Data items:
'''
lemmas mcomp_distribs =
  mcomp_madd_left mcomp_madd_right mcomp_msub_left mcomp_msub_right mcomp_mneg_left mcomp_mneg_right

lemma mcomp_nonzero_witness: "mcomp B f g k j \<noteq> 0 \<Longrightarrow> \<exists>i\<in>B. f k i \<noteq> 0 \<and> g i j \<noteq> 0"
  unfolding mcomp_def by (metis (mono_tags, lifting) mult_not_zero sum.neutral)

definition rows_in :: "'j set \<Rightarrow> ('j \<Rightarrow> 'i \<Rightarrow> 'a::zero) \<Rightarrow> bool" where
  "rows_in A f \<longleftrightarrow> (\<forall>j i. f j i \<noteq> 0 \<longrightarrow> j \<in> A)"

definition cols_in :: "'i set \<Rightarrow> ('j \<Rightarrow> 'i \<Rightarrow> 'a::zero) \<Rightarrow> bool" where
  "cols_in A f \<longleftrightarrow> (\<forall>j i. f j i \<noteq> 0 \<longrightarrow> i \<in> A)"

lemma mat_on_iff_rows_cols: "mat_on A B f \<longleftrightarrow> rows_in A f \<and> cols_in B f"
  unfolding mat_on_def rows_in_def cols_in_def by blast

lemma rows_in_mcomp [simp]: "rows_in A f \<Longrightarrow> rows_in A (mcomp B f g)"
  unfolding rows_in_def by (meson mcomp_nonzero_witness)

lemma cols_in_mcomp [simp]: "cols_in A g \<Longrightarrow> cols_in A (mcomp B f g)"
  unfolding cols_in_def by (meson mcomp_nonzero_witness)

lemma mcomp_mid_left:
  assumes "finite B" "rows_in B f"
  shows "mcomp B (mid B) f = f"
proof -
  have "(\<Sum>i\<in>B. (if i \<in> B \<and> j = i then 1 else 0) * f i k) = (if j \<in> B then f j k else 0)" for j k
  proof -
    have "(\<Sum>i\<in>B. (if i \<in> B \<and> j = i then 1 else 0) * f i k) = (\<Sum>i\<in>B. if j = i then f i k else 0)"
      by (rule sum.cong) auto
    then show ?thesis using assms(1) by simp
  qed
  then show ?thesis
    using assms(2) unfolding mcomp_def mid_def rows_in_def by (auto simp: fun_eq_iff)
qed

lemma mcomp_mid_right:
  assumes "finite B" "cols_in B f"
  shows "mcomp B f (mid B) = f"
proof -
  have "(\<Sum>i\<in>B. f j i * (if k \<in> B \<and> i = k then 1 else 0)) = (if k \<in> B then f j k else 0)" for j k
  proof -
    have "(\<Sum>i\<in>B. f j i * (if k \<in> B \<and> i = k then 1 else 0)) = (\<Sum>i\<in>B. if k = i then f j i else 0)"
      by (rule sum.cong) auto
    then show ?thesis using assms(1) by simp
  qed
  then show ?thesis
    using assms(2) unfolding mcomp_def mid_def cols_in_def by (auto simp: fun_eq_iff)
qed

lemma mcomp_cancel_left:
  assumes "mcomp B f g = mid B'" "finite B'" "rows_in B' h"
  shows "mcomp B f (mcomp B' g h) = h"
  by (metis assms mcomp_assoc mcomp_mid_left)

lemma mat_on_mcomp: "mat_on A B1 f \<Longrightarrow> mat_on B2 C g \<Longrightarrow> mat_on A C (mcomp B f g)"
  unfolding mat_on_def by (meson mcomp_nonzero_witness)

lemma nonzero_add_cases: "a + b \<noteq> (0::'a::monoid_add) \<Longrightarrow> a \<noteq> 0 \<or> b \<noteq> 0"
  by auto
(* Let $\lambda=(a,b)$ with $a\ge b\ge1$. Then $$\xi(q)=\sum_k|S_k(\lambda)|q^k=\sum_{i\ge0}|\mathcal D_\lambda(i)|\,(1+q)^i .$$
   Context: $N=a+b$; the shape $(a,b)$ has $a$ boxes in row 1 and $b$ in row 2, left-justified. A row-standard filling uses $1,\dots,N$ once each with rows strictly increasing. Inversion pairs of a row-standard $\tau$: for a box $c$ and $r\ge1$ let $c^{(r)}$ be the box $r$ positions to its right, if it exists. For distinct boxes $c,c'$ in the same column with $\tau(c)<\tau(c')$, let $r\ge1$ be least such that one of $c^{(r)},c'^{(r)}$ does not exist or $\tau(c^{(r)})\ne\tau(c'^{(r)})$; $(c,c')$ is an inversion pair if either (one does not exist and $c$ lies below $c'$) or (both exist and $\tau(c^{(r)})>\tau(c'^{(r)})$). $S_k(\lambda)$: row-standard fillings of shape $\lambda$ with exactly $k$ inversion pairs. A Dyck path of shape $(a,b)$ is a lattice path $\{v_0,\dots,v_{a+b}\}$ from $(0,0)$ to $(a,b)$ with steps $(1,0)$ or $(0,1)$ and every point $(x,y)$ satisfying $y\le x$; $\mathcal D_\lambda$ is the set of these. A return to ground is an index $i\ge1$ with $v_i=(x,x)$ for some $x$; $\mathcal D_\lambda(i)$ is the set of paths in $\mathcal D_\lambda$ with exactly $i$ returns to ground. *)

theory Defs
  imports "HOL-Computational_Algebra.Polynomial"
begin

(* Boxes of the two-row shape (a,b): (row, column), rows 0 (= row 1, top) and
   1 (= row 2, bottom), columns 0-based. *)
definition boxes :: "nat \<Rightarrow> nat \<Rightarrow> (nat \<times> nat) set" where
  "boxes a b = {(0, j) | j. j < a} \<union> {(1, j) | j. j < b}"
'''
'''
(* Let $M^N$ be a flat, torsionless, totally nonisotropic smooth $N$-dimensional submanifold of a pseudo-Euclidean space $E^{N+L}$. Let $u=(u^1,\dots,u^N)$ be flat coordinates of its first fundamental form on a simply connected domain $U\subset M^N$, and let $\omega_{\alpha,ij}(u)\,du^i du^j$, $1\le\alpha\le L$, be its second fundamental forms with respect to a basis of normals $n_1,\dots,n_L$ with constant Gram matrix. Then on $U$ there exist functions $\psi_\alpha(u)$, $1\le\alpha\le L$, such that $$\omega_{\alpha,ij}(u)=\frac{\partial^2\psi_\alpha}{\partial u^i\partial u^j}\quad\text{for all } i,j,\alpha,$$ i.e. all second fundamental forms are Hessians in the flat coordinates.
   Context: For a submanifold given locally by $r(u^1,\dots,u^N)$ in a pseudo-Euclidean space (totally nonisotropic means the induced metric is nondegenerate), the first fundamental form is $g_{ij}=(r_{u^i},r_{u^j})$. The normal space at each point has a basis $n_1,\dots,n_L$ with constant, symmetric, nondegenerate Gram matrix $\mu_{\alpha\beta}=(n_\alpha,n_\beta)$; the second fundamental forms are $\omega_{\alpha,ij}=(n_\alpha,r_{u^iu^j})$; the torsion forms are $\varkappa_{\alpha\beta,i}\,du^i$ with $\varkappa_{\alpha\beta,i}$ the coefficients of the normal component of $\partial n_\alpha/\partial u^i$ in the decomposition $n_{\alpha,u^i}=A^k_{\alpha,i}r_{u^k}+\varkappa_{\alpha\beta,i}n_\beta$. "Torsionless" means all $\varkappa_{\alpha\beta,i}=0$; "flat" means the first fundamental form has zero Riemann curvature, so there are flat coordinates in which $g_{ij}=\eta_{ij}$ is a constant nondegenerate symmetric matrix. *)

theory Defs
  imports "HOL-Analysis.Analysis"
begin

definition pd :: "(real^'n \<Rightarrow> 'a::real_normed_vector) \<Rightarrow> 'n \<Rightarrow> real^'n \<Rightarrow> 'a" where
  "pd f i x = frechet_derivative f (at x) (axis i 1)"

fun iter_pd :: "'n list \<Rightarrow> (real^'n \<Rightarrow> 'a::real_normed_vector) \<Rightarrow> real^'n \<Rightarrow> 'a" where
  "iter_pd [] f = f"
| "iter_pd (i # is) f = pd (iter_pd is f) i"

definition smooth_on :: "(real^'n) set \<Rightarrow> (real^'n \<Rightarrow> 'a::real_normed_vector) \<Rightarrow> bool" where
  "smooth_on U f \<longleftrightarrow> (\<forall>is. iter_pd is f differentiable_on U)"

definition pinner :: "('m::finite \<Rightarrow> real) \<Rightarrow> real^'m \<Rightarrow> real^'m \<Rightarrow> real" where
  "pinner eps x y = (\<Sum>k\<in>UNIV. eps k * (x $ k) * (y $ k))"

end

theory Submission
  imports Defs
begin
'''
» **What needs to be done**
Once the line with "A f \<Longrightarrow>" is found in the records above, print exactly that line and every line after it through the line with "(* Let $\lambda=(a,b)$".

» **Finished task**
lemma rows_in_mcomp [simp]: "rows_in A f \<Longrightarrow> rows_in A (mcomp B f g)"
  unfolding rows_in_def by (meson mcomp_nonzero_witness)

lemma cols_in_mcomp [simp]: "cols_in A g \<Longrightarrow> cols_in A (mcomp B f g)"
  unfolding cols_in_def by (meson mcomp_nonzero_witness)

lemma mcomp_mid_left:
  assumes "finite B" "rows_in B f"
  shows "mcomp B (mid B) f = f"
proof -
  have "(\<Sum>i\<in>B. (if i \<in> B \<and> j = i then 1 else 0) * f i k) = (if j \<in> B then f j k else 0)" for j k
  proof -
    have "(\<Sum>i\<in>B. (if i \<in> B \<and> j = i then 1 else 0) * f i k) = (\<Sum>i\<in>B. if j = i then f i k else 0)"
      by (rule sum.cong) auto
    then show ?thesis using assms(1) by simp
  qed
  then show ?thesis
    using assms(2) unfolding mcomp_def mid_def rows_in_def by (auto simp: fun_eq_iff)
qed

lemma mcomp_mid_right:
  assumes "finite B" "cols_in B f"
  shows "mcomp B f (mid B) = f"
proof -
  have "(\<Sum>i\<in>B. f j i * (if k \<in> B \<and> i = k then 1 else 0)) = (if k \<in> B then f j k else 0)" for j k
  proof -
    have "(\<Sum>i\<in>B. f j i * (if k \<in> B \<and> i = k then 1 else 0)) = (\<Sum>i\<in>B. if k = i then f j i else 0)"
      by (rule sum.cong) auto
    then show ?thesis using assms(1) by simp
  qed
  then show ?thesis
    using assms(2) unfolding mcomp_def mid_def cols_in_def by (auto simp: fun_eq_iff)
qed

lemma mcomp_cancel_left:
  assumes "mcomp B f g = mid B'" "finite B'" "rows_in B' h"
  shows "mcomp B f (mcomp B' g h) = h"
  by (metis assms mcomp_assoc mcomp_mid_left)

lemma mat_on_mcomp: "mat_on A B1 f \<Longrightarrow> mat_on B2 C g \<Longrightarrow> mat_on A C (mcomp B f g)"
  unfolding mat_on_def by (meson mcomp_nonzero_witness)

lemma nonzero_add_cases: "a + b \<noteq> (0::'a::monoid_add) \<Longrightarrow> a \<noteq> 0 \<or> b \<noteq> 0"
  by auto
(* Let $\lambda=(a,b)$ with $a\ge b\ge1$. Then $$\xi(q)=\sum_k|S_k(\lambda)|q^k=\sum_{i\ge0}|\mathcal D_\lambda(i)|\,(1+q)^i .$$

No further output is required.